Stompin' Tom Connors Statue
This Canadian legend sang about a raucous Saturday night in the city where his statue stands.
“The girls are out to Bingo and the boys are getting stinko, and we’ll think no more of INCO on a Sudbury Saturday night,” sang Canadian country legend Stompin’ Tom Connors. In this city, a statue ready to stomp some more stands in his honor.
Born in Saint John, New Brunswick and raised in Skinner’s Pond, Prince Edward Island, Tom Connors ran away from home at age 13 and took many odd jobs across Canada before being a nickel short of a beer at the Maple Leaf Hotel in Timmins, Ontario. Seeing his guitar, the bartender asked him to play some songs in lieu of that nickel. Tom would stay at the hotel and play for 14 months, starting his musical career.

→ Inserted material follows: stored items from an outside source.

lemma screen_dlog_zbar_exp:
  assumes "1 \<le> a" "a \<notin> z_nodes n b"
  shows "screen_dlog a (zbar_exp n b u) = 0"
proof (cases "b \<le> n - 2")
  case True
  then show ?thesis
    using assms by (simp add: zbar_exp_def z_nodes_def screen_dlog_diff)
next
  case False
  then show ?thesis
    using assms by (cases "b = n - 1") (simp_all add: zbar_exp_def z_nodes_def screen_dlog_diff)
qed

lemma not_in_z_nodes:
  assumes "4 \<le> n" "b \<in> {1..n}"
  shows "a < n \<Longrightarrow> b \<noteq> a \<Longrightarrow> b \<noteq> a + 1 \<Longrightarrow> a \<notin> z_nodes n b"
    and "b < n - 1 \<Longrightarrow> n \<notin> z_nodes n b"
  using assms by (auto simp: z_nodes_def)

section \<open>The factors of \<open>L(u)\<close> in the screening kernel\<close>

lemma kernel_series_zz_factor:
  "1 \<le> a \<Longrightarrow> a \<notin> z_nodes n b \<Longrightarrow> kernel_series n a (1 - dmon (zz n b) 2)"
  unfolding zz_eq_lmono
  by (intro kernel_series_1_minus_dmon lmono_in_screen_kernel screen_dlog_zz_exp)

lemma kernel_series_zbar_factor:
  "1 \<le> a \<Longrightarrow> a \<notin> z_nodes n b \<Longrightarrow> kernel_series n a (1 - dmon (zbar n b) 2)"
  unfolding zbar_eq_lmono
  by (intro kernel_series_1_minus_dmon lmono_in_screen_kernel screen_dlog_zbar_exp)

lemma kernel_series_adjacent_pair:
  assumes "1 \<le> a" "a \<le> n"
    and step: "\<And>u. y u = x u + Aexp_Y n a (w u + 1)"
    and dlog: "\<And>u. screen_dlog a (y u) = Svar a (w u)"
    and free: "\<And>u. screen_dlog a (x u + y (u + 2)) = 0"
  shows "kernel_series n a ((1 - dmon (\<lambda>u. lmono (x u)) 2) * (1 - dmon (\<lambda>u. lmono (y u)) 2))"
proof (rule kernel_series_dfac_pair)
  fix u
  have "Svar a (w u) = screen_dlog a (x u) + (Svar a (w u) + Svar a (w u + 2))"
    using dlog[of u] assms(1) by (simp add: step screen_dlog_add screen_dlog_Aexp_Y add.assoc)
  then have "screen_dlog a (x u) = - Svar a (w u + 2)"
    by (simp add: eq_neg_iff_add_eq_0 add.left_commute)
  moreover have "embexp (y u) = embexp (x u) + Aexp n a (w u + 1)"
    using assms(1,2) by (simp add: step embexp_add Aexp_eq_embexp_Aexp_Y)
  ultimately show "lmono (x u) + lmono (y u) \<in> screen_kernel n a"
    by (rule lmono_add_lmono_in_screen_kernel[OF assms(1,2) dlog])
  show "lmono (x u) * lmono (y (u + 2)) \<in> screen_kernel n a"
    by (simp add: lmono_mult lmono_in_screen_kernel free)
qed

lemmas z_exp_simps = zz_exp_def zbar_exp_def Aexp_Y_low Aexp_Y_fork Aexp_Y_tips[simplified]
  screen_dlog_add screen_dlog_diff algebra_simps

lemma kernel_series_zbar_pair:
  assumes "4 \<le> n" "1 \<le> a" "a < n"
  shows "kernel_series n a ((1 - dmon (zbar n a) 2) * (1 - dmon (zbar n (a + 1)) 2))"
proof -
  consider "a + 3 \<le> n" | "a = n - 2" | "a = n - 1"
    using assms by arith
  then show ?thesis
  proof cases
    case 1
    have idx: "a \<le> n - 2" "a + 1 \<le> n - 2" "a - 1 \<noteq> a"
      using assms 1 by arith+
    show ?thesis
      unfolding zbar_eq_lmono
      by (intro kernel_series_adjacent_pair[where w = "\<lambda>u. u + 2 * of_nat n - of_nat a - 2"])
         (use assms 1 idx in \<open>simp_all add: z_exp_simps idx\<close>)
  next
    case 2
    have idx: "a + 1 = n - 1" "\<not> n - 1 \<le> n - 2" "n - 2 - 1 = n - 3" "n - 3 \<noteq> n - 2" "n - 1 \<noteq> n - 2" "n \<noteq> n - 2"
      using assms 2 by arith+
    show ?thesis
      unfolding zbar_eq_lmono
      by (intro kernel_series_adjacent_pair[where w = "\<lambda>u. u + of_nat n"])
         (use assms 2 idx in \<open>simp_all add: z_exp_simps idx\<close>)
  next
    case 3
    have idx: "a + 1 = n" "\<not> n - 1 \<le> n - 2" "\<not> n \<le> n - 2" "n \<noteq> n - 1" "n - 2 \<noteq> n - 1"
      using assms 3 by arith+
    show ?thesis
      unfolding zbar_eq_lmono
      by (intro kernel_series_adjacent_pair[where w = "\<lambda>u. u + of_nat n - 1"])
         (use assms 3 idx in \<open>simp_all add: z_exp_simps idx\<close>)
  qed
qed

lemma kernel_series_zz_pair:
  assumes "4 \<le> n" "1 \<le> a" "a < n"
  shows "kernel_series n a ((1 - dmon (zz n (a + 1)) 2) * (1 - dmon (zz n a) 2))"
proof -
  consider "a + 3 \<le> n" | "a = n - 2" | "a = n - 1"
    using assms by arith
  then show ?thesis
  proof cases
    case 1
    have idx: "a \<le> n - 2" "a + 1 \<le> n - 2" "a - 1 \<noteq> a"
      using assms 1 by arith+
    show ?thesis
      unfolding zz_eq_lmono
      by (intro kernel_series_adjacent_pair[where w = "\<lambda>u. u + of_nat a"])
         (use assms 1 idx in \<open>simp_all add: z_exp_simps idx\<close>)
  next
    case 2
    have idx: "a + 1 = n - 1" "\<not> n - 1 \<le> n - 2" "n - 2 - 1 = n - 3" "n - 3 \<noteq> n - 2" "n - 1 \<noteq> n - 2" "n \<noteq> n - 2"
      using assms 2 by arith+
    show ?thesis
      unfolding zz_eq_lmono
      by (intro kernel_series_adjacent_pair[where w = "\<lambda>u. u + of_nat n - 2"])
         (use assms 2 idx in \<open>simp_all add: z_exp_simps idx\<close>)
  next
    case 3
    have idx: "a + 1 = n" "\<not> n - 1 \<le> n - 2" "\<not> n \<le> n - 2" "n \<noteq> n - 1" "n - 2 \<noteq> n - 1"
      using assms 3 by arith+
    show ?thesis
      unfolding zz_eq_lmono
      by (intro kernel_series_adjacent_pair[where w = "\<lambda>u. u + of_nat n - 1"])
         (use assms 3 idx in \<open>simp_all add: z_exp_simps idx\<close>)
  qed
qed

lemma kernel_series_top_pairs:
  assumes "4 \<le> n"
  shows "kernel_series n n ((1 - dmon (zbar n (n - 1)) 2) * (1 - dmon (zz n n) 2))"
    and "kernel_series n n ((1 - dmon (zbar n n) 2) * (1 - dmon (zz n (n - 1)) 2))"
proof -
  have idx: "\<not> n - 1 \<le> n - 2" "\<not> n \<le> n - 2" "n - 1 \<noteq> n" "n - 2 \<noteq> n"
    using assms by arith+
  show "kernel_series n n ((1 - dmon (zbar n (n - 1)) 2) * (1 - dmon (zz n n) 2))"
    unfolding zz_eq_lmono zbar_eq_lmono
    by (intro kernel_series_adjacent_pair[where w = "\<lambda>u. u + of_nat n - 1"])
       (use assms idx in \<open>simp_all add: z_exp_simps idx\<close>)
  show "kernel_series n n ((1 - dmon (zbar n n) 2) * (1 - dmon (zz n (n - 1)) 2))"
    unfolding zz_eq_lmono zbar_eq_lmono
    by (intro kernel_series_adjacent_pair[where w = "\<lambda>u. u + of_nat n - 1"])
       (use assms idx in \<open>simp_all add: z_exp_simps idx\<close>)
qed

lemma kernel_series_geom4_factors:
  assumes "4 \<le> n"
  shows "1 \<le> a \<Longrightarrow> a < n \<Longrightarrow> kernel_series n a (geom4 (\<lambda>u. zz n n u * zbar n n (u + 2)))"
    and "kernel_series n n (geom4 (\<lambda>u. zbar n n u * zz n n (u + 2)))"
proof -
  have idx: "\<not> n - 1 \<le> n - 2" "\<not> n \<le> n - 2" "n - 1 \<noteq> n"
    using assms by arith+
  show "1 \<le> a \<Longrightarrow> a < n \<Longrightarrow> kernel_series n a (geom4 (\<lambda>u. zz n n u * zbar n n (u + 2)))"
    unfolding zz_eq_lmono zbar_eq_lmono
    by (rule kernel_series_geom4, unfold lmono_mult, rule lmono_in_screen_kernel)
       (use idx in \<open>simp add: z_exp_simps idx\<close>)
  show "kernel_series n n (geom4 (\<lambda>u. zbar n n u * zz n n (u + 2)))"
    unfolding zz_eq_lmono zbar_eq_lmono
    by (rule kernel_series_geom4, unfold lmono_mult, rule lmono_in_screen_kernel)
       (use assms idx in \<open>simp add: z_exp_simps idx\<close>)
qed

section \<open>The factorization of \<open>L(u)\<close>\<close>

definition L_series :: "nat \<Rightarrow> dseries" where
  "L_series n = prod_list (map (\<lambda>b. 1 - dmon (zbar n b) 2) [1..<n+1])
     * geom4 (\<lambda>u. zz n n u * zbar n n (u + 2))
     * prod_list (map (\<lambda>b. 1 - dmon (zz n b) 2) (rev [1..<n+1]))"

lemma Lser_eq_coeff_L_series: "Lser n = coeff (L_series n)"
  unfolding Lser_def foldr_dmult_eq_coeff_prod_list L_series_def
  by (simp add: Abs_dseries_dfac geom4.abs_eq mult.assoc o_def)

lemma kernel_series_prod_list_adjacent:
  assumes "xs = ys @ p # q # zs"
    and "\<And>b. b \<in> set ys \<union> set zs \<Longrightarrow> kernel_series n a (F b)"
    and "kernel_series n a (F p * F q)"
  shows "kernel_series n a (prod_list (map F xs))"
proof -
  have "prod_list (map F xs) = prod_list (map F ys) * (F p * F q) * prod_list (map F zs)"
    by (simp add: assms(1) mult.assoc)
  then show ?thesis
    using assms(2,3) by (auto intro!: kernel_series_mult kernel_series_prod_list)
qed

lemma upt_split_adjacent:
  assumes "1 \<le> a" "a < n"
  shows "[1..<n+1] = [1..<a] @ a # (a + 1) # [a + 2..<n+1]"
proof -
  have "[1..<n+1] = [1..<a] @ [a..<n+1]"
    using assms upt_add_eq_append[of 1 a "n - a + 1"] by simp
  also have "[a..<n+1] = a # (a + 1) # [a + 2..<n+1]"
    using assms by (simp add: upt_conv_Cons)
  finally show ?thesis .
qed

lemma kernel_series_L_series_below:
  assumes "4 \<le> n" "1 \<le> a" "a < n"
  shows "kernel_series n a (L_series n)"
proof -
  have free: "a \<notin> z_nodes n b" if "b \<in> set [1..<a] \<union> set [a + 2..<n+1]" for b
    using that assms by (intro not_in_z_nodes(1)) auto
  have "kernel_series n a (prod_list (map (\<lambda>b. 1 - dmon (zbar n b) 2) [1..<n+1]))"
  proof (rule kernel_series_prod_list_adjacent[OF upt_split_adjacent[OF assms(2,3)]])
    show "kernel_series n a (1 - dmon (zbar n b) 2)" if "b \<in> set [1..<a] \<union> set [a + 2..<n+1]" for b
      using assms(2) free[OF that] by (rule kernel_series_zbar_factor)
  qed (rule kernel_series_zbar_pair[OF assms])
  moreover have "kernel_series n a (prod_list (map (\<lambda>b. 1 - dmon (zz n b) 2) (rev [1..<n+1])))"
  proof (rule kernel_series_prod_list_adjacent)
    show "rev [1..<n+1] = rev [a + 2..<n+1] @ (a + 1) # a # rev [1..<a]"
      unfolding upt_split_adjacent[OF assms(2,3)] by simp
    show "kernel_series n a (1 - dmon (zz n b) 2)" if "b \<in> set (rev [a + 2..<n+1]) \<union> set (rev [1..<a])" for b
      using assms(2) free that by (intro kernel_series_zz_factor) auto
  qed (rule kernel_series_zz_pair[OF assms])
  ultimately show ?thesis
    unfolding L_series_def using assms
    by (intro kernel_series_mult kernel_series_geom4_factors) simp_all
qed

Tom got his “Stompin’” nickname from his habit of stomping his foot to keep tempo. He sang about uniquely Canadian history and culture, such as a potato-hauling trucker from Prince Edward Island (Bud the Spud), working the tobacco fields of southern Ontario (Tillsonburg), the collapse of the Second Narrows Bridge in Vancouver in 1958 (The Bridge Came Tumbling Down), a French-Canadian lumberjack folk hero (Big Joe Mufferaw), his favorite places in the country (My Stompin’ Grounds), a woman from Alberta who sang with a twang (Lady k.d. lang), and what would become a mainstay in NHL arenas (The Hockey Song). Outside of the Canadian musical establishment, he would return his six Juno awards, feeling they were considering artists who moved out of Canada to make their fame.
One of Connors’ best known songs was Sudbury Saturday Night, telling of the many immigrant miners coming together for drinks and forgetting about toiling in the nickel mines(Big Nickel place entry). After Connors passed away in 2013, this statue would be unveiled in Sudbury two years later in front of the local hockey arena, in memory of the singer who sang about a night in this mining town and about his home of Canada.